[The data]:
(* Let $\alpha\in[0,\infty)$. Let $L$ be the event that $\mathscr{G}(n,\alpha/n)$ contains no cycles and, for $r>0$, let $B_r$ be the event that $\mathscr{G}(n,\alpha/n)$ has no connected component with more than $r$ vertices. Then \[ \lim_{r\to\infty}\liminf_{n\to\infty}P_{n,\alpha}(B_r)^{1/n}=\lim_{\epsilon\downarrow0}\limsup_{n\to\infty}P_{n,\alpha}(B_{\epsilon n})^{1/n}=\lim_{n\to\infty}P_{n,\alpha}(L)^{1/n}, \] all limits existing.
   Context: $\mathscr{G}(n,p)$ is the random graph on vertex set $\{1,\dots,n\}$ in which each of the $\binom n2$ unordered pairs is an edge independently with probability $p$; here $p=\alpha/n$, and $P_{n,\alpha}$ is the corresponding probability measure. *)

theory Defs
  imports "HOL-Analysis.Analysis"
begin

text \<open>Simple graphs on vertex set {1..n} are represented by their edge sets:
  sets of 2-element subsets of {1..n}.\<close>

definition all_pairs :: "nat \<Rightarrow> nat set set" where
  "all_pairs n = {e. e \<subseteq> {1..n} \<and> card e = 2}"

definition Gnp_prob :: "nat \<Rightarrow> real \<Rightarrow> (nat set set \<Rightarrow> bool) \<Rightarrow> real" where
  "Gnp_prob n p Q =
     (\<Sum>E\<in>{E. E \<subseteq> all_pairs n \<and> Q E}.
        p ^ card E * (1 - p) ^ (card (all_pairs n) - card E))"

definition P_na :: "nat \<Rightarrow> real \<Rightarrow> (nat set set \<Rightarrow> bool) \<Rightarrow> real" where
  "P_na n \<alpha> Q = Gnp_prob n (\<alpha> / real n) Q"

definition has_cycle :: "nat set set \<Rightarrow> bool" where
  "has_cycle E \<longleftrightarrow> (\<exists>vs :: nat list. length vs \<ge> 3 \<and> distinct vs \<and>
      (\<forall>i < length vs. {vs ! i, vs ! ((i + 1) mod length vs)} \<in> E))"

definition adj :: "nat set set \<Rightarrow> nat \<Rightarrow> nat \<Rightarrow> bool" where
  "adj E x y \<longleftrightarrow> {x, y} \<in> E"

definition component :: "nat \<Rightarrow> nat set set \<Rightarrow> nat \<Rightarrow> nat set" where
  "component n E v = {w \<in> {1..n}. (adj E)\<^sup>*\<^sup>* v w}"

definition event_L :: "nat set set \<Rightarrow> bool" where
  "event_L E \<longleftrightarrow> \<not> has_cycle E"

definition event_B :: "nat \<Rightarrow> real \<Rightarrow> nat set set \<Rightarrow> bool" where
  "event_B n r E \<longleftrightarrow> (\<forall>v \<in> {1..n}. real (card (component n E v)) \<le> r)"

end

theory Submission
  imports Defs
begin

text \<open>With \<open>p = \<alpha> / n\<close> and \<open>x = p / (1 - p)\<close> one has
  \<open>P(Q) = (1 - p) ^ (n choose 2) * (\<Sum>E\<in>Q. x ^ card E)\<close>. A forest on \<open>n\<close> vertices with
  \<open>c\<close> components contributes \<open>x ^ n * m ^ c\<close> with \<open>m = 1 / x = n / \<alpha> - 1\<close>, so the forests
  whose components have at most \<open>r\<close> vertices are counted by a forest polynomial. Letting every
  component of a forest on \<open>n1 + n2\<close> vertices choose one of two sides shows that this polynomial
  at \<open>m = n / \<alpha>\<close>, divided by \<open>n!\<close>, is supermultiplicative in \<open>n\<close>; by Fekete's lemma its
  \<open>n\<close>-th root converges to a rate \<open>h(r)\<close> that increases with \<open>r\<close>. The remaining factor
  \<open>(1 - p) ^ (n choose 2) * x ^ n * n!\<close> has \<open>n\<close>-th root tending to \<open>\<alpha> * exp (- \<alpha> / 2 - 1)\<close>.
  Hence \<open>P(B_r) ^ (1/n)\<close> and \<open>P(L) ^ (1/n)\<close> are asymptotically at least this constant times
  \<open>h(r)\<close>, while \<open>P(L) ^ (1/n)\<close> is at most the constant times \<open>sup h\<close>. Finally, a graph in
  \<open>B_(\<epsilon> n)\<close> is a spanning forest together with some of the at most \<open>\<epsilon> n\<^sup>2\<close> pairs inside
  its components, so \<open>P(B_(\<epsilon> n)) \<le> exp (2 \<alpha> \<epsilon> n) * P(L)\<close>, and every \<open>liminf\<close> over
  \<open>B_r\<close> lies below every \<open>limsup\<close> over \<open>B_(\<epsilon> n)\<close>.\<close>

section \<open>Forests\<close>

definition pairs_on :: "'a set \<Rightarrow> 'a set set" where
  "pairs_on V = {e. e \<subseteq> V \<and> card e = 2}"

...

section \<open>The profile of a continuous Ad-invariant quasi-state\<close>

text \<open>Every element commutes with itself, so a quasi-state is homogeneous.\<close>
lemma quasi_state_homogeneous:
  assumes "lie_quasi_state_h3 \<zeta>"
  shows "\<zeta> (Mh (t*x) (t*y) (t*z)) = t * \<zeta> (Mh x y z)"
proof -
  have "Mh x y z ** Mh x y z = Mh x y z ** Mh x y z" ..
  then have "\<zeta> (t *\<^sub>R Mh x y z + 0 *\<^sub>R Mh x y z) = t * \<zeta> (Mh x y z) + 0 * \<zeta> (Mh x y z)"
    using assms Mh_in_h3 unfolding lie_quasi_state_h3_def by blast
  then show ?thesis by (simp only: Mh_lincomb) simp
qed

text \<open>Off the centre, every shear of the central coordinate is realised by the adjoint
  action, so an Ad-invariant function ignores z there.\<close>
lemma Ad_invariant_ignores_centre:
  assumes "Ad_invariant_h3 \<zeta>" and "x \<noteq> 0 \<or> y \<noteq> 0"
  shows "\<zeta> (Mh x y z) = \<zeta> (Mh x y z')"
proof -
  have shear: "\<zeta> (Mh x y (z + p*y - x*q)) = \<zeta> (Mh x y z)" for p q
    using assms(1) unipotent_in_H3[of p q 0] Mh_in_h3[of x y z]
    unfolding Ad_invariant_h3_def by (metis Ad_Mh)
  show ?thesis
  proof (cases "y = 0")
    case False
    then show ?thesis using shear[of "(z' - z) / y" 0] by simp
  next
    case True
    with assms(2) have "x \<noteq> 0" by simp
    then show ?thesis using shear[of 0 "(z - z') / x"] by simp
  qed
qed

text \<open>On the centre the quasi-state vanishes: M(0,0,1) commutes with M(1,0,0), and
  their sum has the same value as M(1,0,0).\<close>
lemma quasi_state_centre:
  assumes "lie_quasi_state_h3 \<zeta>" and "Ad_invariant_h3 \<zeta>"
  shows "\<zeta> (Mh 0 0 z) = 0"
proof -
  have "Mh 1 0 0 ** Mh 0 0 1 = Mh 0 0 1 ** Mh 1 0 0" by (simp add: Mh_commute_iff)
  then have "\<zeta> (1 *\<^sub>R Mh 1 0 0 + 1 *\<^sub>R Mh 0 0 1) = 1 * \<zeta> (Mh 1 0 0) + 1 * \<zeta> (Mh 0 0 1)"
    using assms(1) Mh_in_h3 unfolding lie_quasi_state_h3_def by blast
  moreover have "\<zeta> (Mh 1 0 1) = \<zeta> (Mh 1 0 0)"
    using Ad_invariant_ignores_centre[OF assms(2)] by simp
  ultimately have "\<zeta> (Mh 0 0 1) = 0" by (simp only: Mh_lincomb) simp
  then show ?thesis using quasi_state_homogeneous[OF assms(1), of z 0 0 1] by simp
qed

[Problem description]: After locating the line with "(* Let $\alpha\in[0,\infty)$." in the material above, return it and each line after it exactly, ending at the line with "(\<forall>i < length".

[Solved problem]:
(* Let $\alpha\in[0,\infty)$. Let $L$ be the event that $\mathscr{G}(n,\alpha/n)$ contains no cycles and, for $r>0$, let $B_r$ be the event that $\mathscr{G}(n,\alpha/n)$ has no connected component with more than $r$ vertices. Then \[ \lim_{r\to\infty}\liminf_{n\to\infty}P_{n,\alpha}(B_r)^{1/n}=\lim_{\epsilon\downarrow0}\limsup_{n\to\infty}P_{n,\alpha}(B_{\epsilon n})^{1/n}=\lim_{n\to\infty}P_{n,\alpha}(L)^{1/n}, \] all limits existing.
   Context: $\mathscr{G}(n,p)$ is the random graph on vertex set $\{1,\dots,n\}$ in which each of the $\binom n2$ unordered pairs is an edge independently with probability $p$; here $p=\alpha/n$, and $P_{n,\alpha}$ is the corresponding probability measure. *)

theory Defs
  imports "HOL-Analysis.Analysis"
begin

text \<open>Simple graphs on vertex set {1..n} are represented by their edge sets:
  sets of 2-element subsets of {1..n}.\<close>

definition all_pairs :: "nat \<Rightarrow> nat set set" where
  "all_pairs n = {e. e \<subseteq> {1..n} \<and> card e = 2}"

definition Gnp_prob :: "nat \<Rightarrow> real \<Rightarrow> (nat set set \<Rightarrow> bool) \<Rightarrow> real" where
  "Gnp_prob n p Q =
     (\<Sum>E\<in>{E. E \<subseteq> all_pairs n \<and> Q E}.
        p ^ card E * (1 - p) ^ (card (all_pairs n) - card E))"

definition P_na :: "nat \<Rightarrow> real \<Rightarrow> (nat set set \<Rightarrow> bool) \<Rightarrow> real" where
  "P_na n \<alpha> Q = Gnp_prob n (\<alpha> / real n) Q"

definition has_cycle :: "nat set set \<Rightarrow> bool" where
  "has_cycle E \<longleftrightarrow> (\<exists>vs :: nat list. length vs \<ge> 3 \<and> distinct vs \<and>
      (\<forall>i < length vs. {vs ! i, vs ! ((i + 1) mod length vs)} \<in> E))"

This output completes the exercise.